ENTRIES SUPPLIED: Begin

(* Let $k\ge1$ and let $T_1,\dots,T_k$ be independent exponential random variables with parameters $\lambda_i=4\sqrt{i+1}$. Then for any $t>0$, $$\mathbf P\big(\|I^0_t\|_2>k\big)\le 4^k\,\mathbf P\Big(\sum_{i=1}^kT_i<t\Big).$$
   Context: $\mathbb{H}=\{(x_1,x_2)\in\mathbb{Z}^2:x_2\ge0\}$. To each directed nearest-neighbour edge $x\to y$ in $\mathbb{H}$ attach an independent Poisson process $N^{x\to y}$ of intensity $\max(\sqrt{x_2},1)$. $I^0_t$ is the set of $y\in\mathbb{H}$ such that there are a nearest-neighbour path $0=y_0,y_1,\dots,y_m=y$ in $\mathbb{H}$ and times $0<s_1<\dots<s_m\le t$ with $N^{y_{i-1}\to y_i}$ having an arrival at time $s_i$ for each $i$ (the interface process started from the origin). For finite $A\subset\mathbb{H}$, $\|A\|_2=\max_{x\in A}\|x\|_2$ (Euclidean norm). *)

theory Defs
  imports "HOL-Probability.Probability"
begin

type_synonym site = "int \<times> int"

definition inH :: "site \<Rightarrow> bool" where
  "inH x \<longleftrightarrow> snd x \<ge> 0"

definition nn :: "site \<Rightarrow> site \<Rightarrow> bool" where
  "nn x y \<longleftrightarrow> \<bar>fst x - fst y\<bar> + \<bar>snd x - snd y\<bar> = 1"

definition Hedge :: "site \<times> site \<Rightarrow> bool" where
  "Hedge e \<longleftrightarrow> inH (fst e) \<and> inH (snd e) \<and> nn (fst e) (snd e)"

definition rate :: "site \<times> site \<Rightarrow> real" where
  "rate e = max (sqrt (real_of_int (snd (fst e)))) 1"

definition cnt :: "real set \<Rightarrow> real \<Rightarrow> real \<Rightarrow> nat" where
  "cnt S a b = card (S \<inter> {a<..b})"

text \<open>N e \<omega> is the (random) set of arrival times of the process attached to edge e.
  The family (N e) over the directed edges of H is a family of independent Poisson
  processes on (0,\<infinity>) with intensities rate e: arrival sets are locally finite subsets
  of (0,\<infinity>), and for every finite family of edge/interval pairs, with intervals
  attached to the same edge pairwise disjoint, the counts are independent and
  Poisson distributed with mean rate e * (b - a).\<close>
definition indep_poisson_family ::
  "'a measure \<Rightarrow> (site \<times> site \<Rightarrow> 'a \<Rightarrow> real set) \<Rightarrow> bool" where
  "indep_poisson_family M N \<longleftrightarrow>
     (\<forall>e \<omega>. Hedge e \<longrightarrow> \<omega> \<in> space M \<longrightarrow>
        N e \<omega> \<subseteq> {0<..} \<and> (\<forall>b. finite (N e \<omega> \<inter> {..b}))) \<and>
     (\<forall>J :: ((site \<times> site) \<times> real \<times> real) set.
        finite J \<longrightarrow>
        (\<forall>(e, a, b) \<in> J. Hedge e \<and> 0 \<le> a \<and> a < b) \<longrightarrow>
        (\<forall>(e, a, b) \<in> J. \<forall>(e', a', b') \<in> J. (e, a, b) \<noteq> (e', a', b') \<longrightarrow> e = e' \<longrightarrow>
            {a<..b} \<inter> {a'<..b'} = {}) \<longrightarrow>
        prob_space.indep_vars M (\<lambda>_. count_space UNIV)
           (\<lambda>(e, a, b) \<omega>. cnt (N e \<omega>) a b) J \<and>
        (\<forall>(e, a, b) \<in> J.
           distr M (count_space UNIV) (\<lambda>\<omega>. cnt (N e \<omega>) a b)
             = measure_pmf (poisson_pmf (rate e * (b - a)))))"
definition rho_miss :: "real \<Rightarrow> real \<Rightarrow> nat set \<Rightarrow> (nat \<Rightarrow> nat \<Rightarrow> bool) \<Rightarrow> nat set \<Rightarrow> nat \<Rightarrow> nat \<Rightarrow> real" where
  "rho_miss \<epsilon> \<theta> V E U t v =
     1 - hit_within (rho_P \<epsilon> \<theta> V E) (rho_states V) None (Some ` (V - U)) t (Some v)"

lemma rho_miss_0 [simp]: "rho_miss \<epsilon> \<theta> V E U 0 v = 1"
  by (simp add: rho_miss_def)

lemma rho_miss_outside [simp]: "v \<in> V - U \<Longrightarrow> rho_miss \<epsilon> \<theta> V E U t v = 1"
  by (cases t) (simp_all add: rho_miss_def)

lemma rho_miss_Suc:
  assumes "finite V" and "v \<in> U" and d_pos: "0 < deg E v V" and c_pos: "0 < rho_coeff \<epsilon> \<theta> V"
  shows "real (deg E v V) * rho_miss \<epsilon> \<theta> V E U (Suc t) v
           = (\<Sum>u\<in>{u \<in> V. E v u}. rho_miss \<epsilon> \<theta> V E U t u) / (1 + rho_coeff \<epsilon> \<theta> V)"
proof -
  define c where "c = rho_coeff \<epsilon> \<theta> V"
  define d where "d = real (deg E v V)"
  define h where "h = hit_within (rho_P \<epsilon> \<theta> V E) (rho_states V) None (Some ` (V - U)) t"
  have row: "rho_P \<epsilon> \<theta> V E (Some v) y = rho_weight \<epsilon> \<theta> V E (Some v) y / ((1 + c) * d)" for y
    unfolding rho_P_def walk_P_def using sum_rho_weight_Some[OF \<open>finite V\<close>] by (simp add: c_def d_def)
  have h_None: "h None = 1"
    unfolding h_def by (cases t) auto
  define X where "X = (\<Sum>u\<in>{u \<in> V. E v u}. h (Some u))"
  have "0 < d" "0 < c" using d_pos c_pos by (simp_all add: c_def d_def)
  have neighbours: "(\<Sum>u\<in>V. rho_P \<epsilon> \<theta> V E (Some v) (Some u) * h (Some u)) = X / ((1 + c) * d)"
    using \<open>finite V\<close>
    by (simp add: X_def row rho_weight_simps sum_divide_distrib[symmetric] Collect_conj_eq)
  have "hit_within (rho_P \<epsilon> \<theta> V E) (rho_states V) None (Some ` (V - U)) (Suc t) (Some v)
          = (\<Sum>y\<in>rho_states V. rho_P \<epsilon> \<theta> V E (Some v) y * h y)"
    using \<open>v \<in> U\<close> by (simp add: h_def image_iff)
  also have "\<dots> = rho_P \<epsilon> \<theta> V E (Some v) None * h None
                   + (\<Sum>u\<in>V. rho_P \<epsilon> \<theta> V E (Some v) (Some u) * h (Some u))"
    using \<open>finite V\<close> by (simp add: rho_states_def sum.reindex)
  also have "\<dots> = c / (1 + c) + X / ((1 + c) * d)"
    unfolding neighbours using \<open>0 < d\<close> by (simp add: h_None row rho_weight_simps c_def d_def)
  finally have hit_Suc: "hit_within (rho_P \<epsilon> \<theta> V E) (rho_states V) None (Some ` (V - U)) (Suc t) (Some v)
          = c / (1 + c) + X / ((1 + c) * d)" .
  have "d * rho_miss \<epsilon> \<theta> V E U (Suc t) v = d * (1 - (c / (1 + c) + X / ((1 + c) * d)))"
    unfolding rho_miss_def hit_Suc ..
  also have "\<dots> = (d - X) / (1 + c)"
    using \<open>0 < d\<close> \<open>0 < c\<close> by (simp add: divide_simps) (simp add: algebra_simps)
  also have "d - X = (\<Sum>u\<in>{u \<in> V. E v u}. rho_miss \<epsilon> \<theta> V E U t u)"
    by (simp add: rho_miss_def h_def X_def sum_subtractf d_def deg_def)
  finally show ?thesis by (simp add: c_def d_def)
qed
definition Zvec :: "nat \<Rightarrow> real \<Rightarrow> real \<Rightarrow> ((nat \<times> nat + nat) \<Rightarrow> real) \<Rightarrow> nat \<Rightarrow> real" where
  "Zvec n1 \<sigma>1 \<sigma>2 \<omega> i = (if i < n1 then \<sigma>1 else \<sigma>2) * Wvec \<omega> i"

definition Yvec :: "nat \<Rightarrow> nat \<Rightarrow> real \<Rightarrow> real \<Rightarrow> (nat \<Rightarrow> real) \<Rightarrow> ((nat \<times> nat + nat) \<Rightarrow> real) \<Rightarrow> nat \<Rightarrow> real" where
  "Yvec n1 p \<sigma>1 \<sigma>2 \<beta> \<omega> i = (\<Sum>j<p. Xmat \<omega> i j * \<beta> j) + Zvec n1 \<sigma>1 \<sigma>2 \<omega> i"

definition ind :: "nat set \<Rightarrow> nat \<Rightarrow> real" where
  "ind S j = (if j \<in> S then 1 else 0)"

definition resid :: "nat \<Rightarrow> nat \<Rightarrow> (nat \<Rightarrow> real) \<Rightarrow> ((nat \<times> nat + nat) \<Rightarrow> real) \<Rightarrow> (nat \<Rightarrow> real) \<Rightarrow> real" where
  "resid n p Y \<omega> b = (\<Sum>i<n. (Y i - (\<Sum>j<p. Xmat \<omega> i j * b j))\<^sup>2)"

definition supp :: "nat \<Rightarrow> (nat \<Rightarrow> real) \<Rightarrow> nat set" where
  "supp p \<beta> = {j. j < p \<and> \<beta> j \<noteq> 0}"

end

theory Submission
  imports Defs
begin

text \<open>Chernoff bound: P(Delta <= 0) <= E exp(-t Delta) for every t >= 0. Row i contributes
  (u_i + z_i)^2 - z_i^2 to Delta, where u_i = <X_i, 1_S* - 1_S> and the noise z_i = sigma_i W_i
  depend on disjoint sets of independent coordinates, so the Laplace transform factorises over
  the rows. Integrating out W_i leaves E exp(-c_i u_i^2) with c_i = t - 2 t^2 sigma_i^2, and
  since u_i is centred Gaussian with variance |S triangle S*| >= 2 delta s this is
  (1 + 2 c_i |S triangle S*|)^(-1/2). The choice t = 1/(4 sigma_2^2) gives the two rates.\<close>

lemma measurable_PiM_superset:
  assumes "K \<subseteq> I" and "g \<in> measurable (PiM K M) N"
    and "\<And>\<omega> \<omega>'. (\<And>k. k \<in> K \<Longrightarrow> \<omega> k = \<omega>' k) \<Longrightarrow> g \<omega> = g \<omega>'"
  shows "g \<in> measurable (PiM I M) N"
proof -
  have "g = (\<lambda>\<omega>. g (restrict \<omega> K))" by (rule ext, rule assms(3)) simp
  also have "\<dots> \<in> measurable (PiM I M) N"
    by (rule measurable_compose[OF measurable_restrict_subset[OF assms(1)] assms(2)])
  finally show ?thesis .
qed

lemma (in product_sigma_finite) product_nn_integral_prod_blocks:
  fixes R :: "nat \<Rightarrow> 'i set" and g :: "nat \<Rightarrow> ('i \<Rightarrow> 'a) \<Rightarrow> ennreal"
  assumes "\<And>i. i < n \<Longrightarrow> finite (R i)" and "disjoint_family_on R {..<n}"
    and "\<And>i. i < n \<Longrightarrow> g i \<in> borel_measurable (PiM (R i) M)"
    and "\<And>i \<omega> \<omega>'. i < n \<Longrightarrow> (\<And>k. k \<in> R i \<Longrightarrow> \<omega> k = \<omega>' k) \<Longrightarrow> g i \<omega> = g i \<omega>'"
  shows "(\<integral>\<^sup>+\<omega>. (\<Prod>i<n. g i \<omega>) \<partial>PiM (\<Union>i<n. R i) M) = (\<Prod>i<n. \<integral>\<^sup>+\<omega>. g i \<omega> \<partial>PiM (R i) M)"
  using assms
proof (induction n)
  case 0
  show ?case by (simp add: PiM_empty nn_integral_count_space_finite)
next
  case (Suc n)
  define I where "I = (\<Union>i<n. R i)"
  have "R i \<inter> R n = {}" if "i < n" for i
    using that by (intro disjoint_family_onD[OF Suc.prems(2)]) auto
  then have disj: "I \<inter> R n = {}" by (auto simp: I_def)
  have fin: "finite I" "finite (R n)" using Suc.prems(1) by (auto simp: I_def)
  have meas: "g i \<in> borel_measurable (PiM L M)" if "i < Suc n" and "R i \<subseteq> L" for i L
    using that by (intro measurable_PiM_superset[OF _ Suc.prems(3)] Suc.prems(4)) auto
  have merge: "(\<Prod>i<Suc n. g i (merge I (R n) (x, y))) = (\<Prod>i<n. g i x) * g n y" for x y
  proof -
    have "g i (merge I (R n) (x, y)) = g i x" if "i < n" for i
      using that by (intro Suc.prems(4) merge_apply(1)[OF disj]) (auto simp: I_def)
    moreover have "g n (merge I (R n) (x, y)) = g n y"
      by (intro Suc.prems(4) merge_apply(2)[OF disj]) auto
    ultimately show ?thesis by (simp add: prod.lessThan_Suc)
  qed
  have "(\<integral>\<^sup>+\<omega>. (\<Prod>i<Suc n. g i \<omega>) \<partial>PiM (\<Union>i<Suc n. R i) M)
      = (\<integral>\<^sup>+x. \<integral>\<^sup>+y. (\<Prod>i<n. g i x) * g n y \<partial>PiM (R n) M \<partial>PiM I M)"
  proof -
    have "(\<Union>i<Suc n. R i) = I \<union> R n" by (auto simp: I_def lessThan_Suc)
    moreover have "(\<lambda>\<omega>. \<Prod>i<Suc n. g i \<omega>) \<in> borel_measurable (PiM (I \<union> R n) M)"
      by (intro borel_measurable_prod_ennreal meas) (auto simp: I_def less_Suc_eq)
    ultimately show ?thesis
      using disj fin by (simp add: product_nn_integral_fold merge del: prod.lessThan_Suc)
  qed
  also have "\<dots> = (\<integral>\<^sup>+x. (\<Prod>i<n. g i x) \<partial>PiM I M) * (\<integral>\<^sup>+y. g n y \<partial>PiM (R n) M)"
  proof -
    have "(\<lambda>x. \<Prod>i<n. g i x) \<in> borel_measurable (PiM I M)"
      by (intro borel_measurable_prod_ennreal meas) (auto simp: I_def)
    then show ?thesis
      using Suc.prems(3)[of n] by (simp add: nn_integral_cmult nn_integral_multc)
  qed
  moreover have "(\<integral>\<^sup>+x. (\<Prod>i<n. g i x) \<partial>PiM I M) = (\<Prod>i<n. \<integral>\<^sup>+\<omega>. g i \<omega> \<partial>PiM (R i) M)"
    unfolding I_def
  proof (rule Suc.IH)
    show "disjoint_family_on R {..<n}"
      using Suc.prems(2) by (rule disjoint_family_on_mono[rotated]) auto
    show "g i \<omega> = g i \<omega>'" if "i < n" and "\<And>k. k \<in> R i \<Longrightarrow> \<omega> k = \<omega>' k" for i \<omega> \<omega>'
      using that by (intro Suc.prems(4)) auto
  qed (use Suc.prems(1,3) in auto)
  ultimately show ?case by (simp add: prod.lessThan_Suc)
qed

lemma emeasure_nonpos_le_nn_integral_exp:
  fixes f :: "'a \<Rightarrow> real"
  assumes "t \<ge> 0"
  shows "emeasure M {\<omega> \<in> space M. f \<omega> \<le> 0} \<le> (\<integral>\<^sup>+\<omega>. exp (- t * f \<omega>) \<partial>M)"
proof (cases "{\<omega> \<in> space M. f \<omega> \<le> 0} \<in> sets M")
  case True
  have "1 \<le> exp (- t * f \<omega>)" if "f \<omega> \<le> 0" for \<omega>
    using assms that by (simp add: mult_nonneg_nonpos)
  then have "indicator {\<omega> \<in> space M. f \<omega> \<le> 0} \<omega> \<le> ennreal (exp (- t * f \<omega>))" for \<omega>
    by (simp add: indicator_def)
  then show ?thesis
    using True by (simp add: nn_integral_mono flip: nn_integral_indicator)
qed (simp add: emeasure_notin_sets)

lemma prob_space_std_gauss: "prob_space std_gauss"
  unfolding std_gauss_def by (auto intro: prob_space_normal_density)

lemma sets_std_gauss [measurable_cong]: "sets std_gauss = sets borel"
  by (simp add: std_gauss_def)

lemma product_sigma_finite_std_gauss: "product_sigma_finite (\<lambda>_. std_gauss)"
  unfolding product_sigma_finite_def
  using prob_space_std_gauss prob_space_imp_sigma_finite by blast

lemma borel_measurable_PiM_std_gauss_linear [measurable]:
  "J \<subseteq> I \<Longrightarrow> (\<lambda>x. \<Sum>j\<in>J. v j * x j) \<in> borel_measurable (PiM I (\<lambda>_. std_gauss))"
  by measurable auto

lemma nn_integral_std_gauss_exp_quadratic:
  fixes \<alpha> \<beta> :: real
  assumes "\<alpha> < 1/2"
  shows "(\<integral>\<^sup>+x. exp (\<alpha> * x\<^sup>2 + \<beta> * x) \<partial>std_gauss)
       = ennreal (exp (\<beta>\<^sup>2 / (2 * (1 - 2 * \<alpha>))) / sqrt (1 - 2 * \<alpha>))"
proof -
  define A where "A = 1 - 2 * \<alpha>"
  have A: "A > 0" using assms by (simp add: A_def)
  define K where "K = exp (\<beta>\<^sup>2 / (2 * A)) / sqrt A"
  have K: "K \<ge> 0" using A by (simp add: K_def)
  \<comment> \<open>completing the square: the integrand is K times the density of N(\<beta>/A, 1/A)\<close>
  have density: "std_normal_density x * exp (\<alpha> * x\<^sup>2 + \<beta> * x) = K * normal_density (\<beta> / A) (1 / sqrt A) x"
    for x
  proof -
    let ?E = "- (x - \<beta> / A)\<^sup>2 * A / 2"
    have exponent: "- x\<^sup>2 / 2 + (\<alpha> * x\<^sup>2 + \<beta> * x) = \<beta>\<^sup>2 / (2 * A) + ?E"
      using A by (simp add: field_simps power2_eq_square) (simp add: A_def algebra_simps)
    have "std_normal_density x * exp (\<alpha> * x\<^sup>2 + \<beta> * x) = exp (- x\<^sup>2 / 2 + (\<alpha> * x\<^sup>2 + \<beta> * x)) / sqrt (2 * pi)"
      by (simp add: std_normal_density_def mult_exp_exp)
    also have "\<dots> = K * (sqrt A / sqrt (2 * pi) * exp ?E)"
      unfolding exponent exp_add K_def using A by simp
    also have "sqrt A / sqrt (2 * pi) * exp ?E = normal_density (\<beta> / A) (1 / sqrt A) x"
      using A by (simp add: normal_density_def power_divide real_sqrt_divide)
    finally show ?thesis .
  qed
  have "(\<integral>\<^sup>+x. exp (\<alpha> * x\<^sup>2 + \<beta> * x) \<partial>std_gauss)
      = (\<integral>\<^sup>+x. ennreal K * normal_density (\<beta> / A) (1 / sqrt A) x \<partial>lborel)"
    unfolding std_gauss_def using K
    by (subst nn_integral_density) (auto simp flip: ennreal_mult simp: density intro!: nn_integral_cong)
  also have "\<dots> = ennreal K"
    using A by (subst nn_integral_cmult) (auto simp: nn_integral_eq_integral)
  finally show ?thesis by (simp add: K_def A_def)
qed

lemma nn_integral_std_gauss_exp_linear:
  "(\<integral>\<^sup>+x. exp (\<beta> * x) \<partial>std_gauss) = ennreal (exp (\<beta>\<^sup>2 / 2))"
  using nn_integral_std_gauss_exp_quadratic[of 0 \<beta>] by simp
theorem min_word_psi_inf:
  fixes w :: "'a::{finite, linorder} word"
  assumes "z \<in> range w"
  shows "min_word (psi_inf z w) = min_word w 0 ## psi_inf z (suffix 1 (min_word w))"
proof (rule min_word_eqI)
  obtain i where "z = w i"
    using assms by blast
  then have "min_word w 0 \<le> z"
    using min_word_le_suffix[of w i] word_le_unfold[of "min_word w" "suffix i w"] by auto
  then show "word_le (min_word w 0 ## psi_inf z (suffix 1 (min_word w))) (suffix j (psi_inf z w))" for j
    by (intro build_psi_inf_le_suffix min_word_le_suffix)
qed (intro prefix_build_psi_inf_in_factors prefix_min_word_in_factors)

theorem mainTheorem1:
  fixes t s t1 s1 :: "nat \<Rightarrow> 'a::{finite, linorder}"
    and a z :: "'a"
  assumes "t = psi_inf z t1"
    and "s = psi_inf z s1"
    and "z \<in> range t1"
  shows "min_word t1 = case_nat a s1 \<longleftrightarrow> min_word t = case_nat a s"
proof -
  have case_nat_build: "case_nat b v = b ## v" for b and v :: "'a word"
    by (rule ext) (simp split: nat.split)
  define m where "m = min_word t1"
  have "min_word t = m 0 ## psi_inf z (suffix 1 m)"
    unfolding m_def assms(1) using assms(3) by (rule min_word_psi_inf)
  moreover have "m = m 0 ## suffix 1 m"
    by (rule build_split)
  ultimately show ?thesis
    unfolding case_nat_build assms(2) m_def[symmetric]
    by (metis build_eq inj_psi_inf[of z] inj_eq)
qed

end
lemma inv_tp_eq_iff_in_Q_of_psi:
  "inv_tp L k \<sigma> \<sigma>' D C A = inv_tp L k \<sigma> \<sigma>' D C A' \<longleftrightarrow> A' \<in> Q_of \<sigma> D C \<psi>"
proof
  assume eq: "inv_tp L k \<sigma> \<sigma>' D C A = inv_tp L k \<sigma> \<sigma>' D C A'"
  have "models (expand \<sigma> A B) \<psi>" using models_psi_iff_is_flip[OF AB] by (simp add: is_flip_def)
  then have "A \<in> Q_of \<sigma> D C \<psi>" using Q_of_iff_models[OF AB C_invariant_psi] by simp
  then have "\<psi> \<in> inv_tp L k \<sigma> \<sigma>' D C A"
    using is_sentence_psi[OF \<psi>] C_invariant_psi by (simp add: inv_tp_def)
  then show "A' \<in> Q_of \<sigma> D C \<psi>" using eq unfolding inv_tp_def by blast
next
  assume "A' \<in> Q_of \<sigma> D C \<psi>"
  then obtain B' where B': "admissible \<sigma> D C (A', B')" "models (expand \<sigma> A' B') \<psi>"
    unfolding Q_of_def admissible_def by auto
  then have "is_flip L k \<sigma> \<sigma>' D C (A, B) (A', B')" using models_psi_iff_is_flip[OF B'(1)] by simp
  then show "inv_tp L k \<sigma> \<sigma>' D C A = inv_tp L k \<sigma> \<sigma>' D C A'"
    by (rule inv_tp_eq_if_is_flip[OF _ AB])
qed

end

theorem proposition3p2:
  fixes L :: logic and k :: nat
    and \<sigma> \<sigma>' :: "('r,'c) voc"
    and D C :: "('a,'r,'c) struc set"
    and A B :: "('a,'r,'c) struc"
  assumes "voc_finite \<sigma>" and "voc_finite \<sigma>'" and "voc_disjoint \<sigma> \<sigma>'"
    and "\<forall>A\<in>D. is_struc \<sigma> A" and "\<forall>B\<in>C. is_struc \<sigma>' B"
    and "A \<in> D" and "B \<in> C" and "sdom A = sdom B"
  shows "(\<forall>A'\<in>D. \<forall>B'\<in>C. sdom A' = sdom B' \<longrightarrow>
            (models (expand \<sigma> A' B') (psi L k \<sigma> \<sigma>' D C A B)
               \<longleftrightarrow> is_flip L k \<sigma> \<sigma>' D C (A, B) (A', B')))
       \<and> is_sentence L k (voc_union \<sigma> \<sigma>') (psi L k \<sigma> \<sigma>' D C A B)
       \<and> C_invariant \<sigma> D C (psi L k \<sigma> \<sigma>' D C A B)
       \<and> (\<forall>A'\<in>D. inv_tp L k \<sigma> \<sigma>' D C A = inv_tp L k \<sigma> \<sigma>' D C A'
                    \<longleftrightarrow> A' \<in> Q_of \<sigma> D C (psi L k \<sigma> \<sigma>' D C A B))"
proof -
  have "voc_finite (voc_union \<sigma> \<sigma>')"
    using assms(1,2) by (auto simp: voc_finite_def voc_union_def rels_def consts_of_def)
  then have \<psi>: "is_psi L k \<sigma> \<sigma>' D C A B (psi L k \<sigma> \<sigma>' D C A B)"
    unfolding psi_def by (rule someI_ex[OF ex_is_psi])
  have AB: "admissible \<sigma> D C (A, B)" using assms(6-8) by (simp add: admissible_def)
  note facts = models_psi_iff_is_flip[OF \<psi> assms(4,5) AB] is_sentence_psi[OF \<psi>]
    C_invariant_psi[OF \<psi> assms(4,5) AB] inv_tp_eq_iff_in_Q_of_psi[OF \<psi> assms(4,5) AB]
  show ?thesis using facts by (simp add: admissible_def)
qed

ENTRIES SUPPLIED: End

— WORK INSTRUCTIONS —
The exercise is to copy out every line above that has the word "else" in it.

— YOUR SOLUTION —
  "Zvec n1 \<sigma>1 \<sigma>2 \<omega> i = (if i < n1 then \<sigma>1 else \<sigma>2) * Wvec \<omega> i"
  "ind S j = (if j \<in> S then 1 else 0)"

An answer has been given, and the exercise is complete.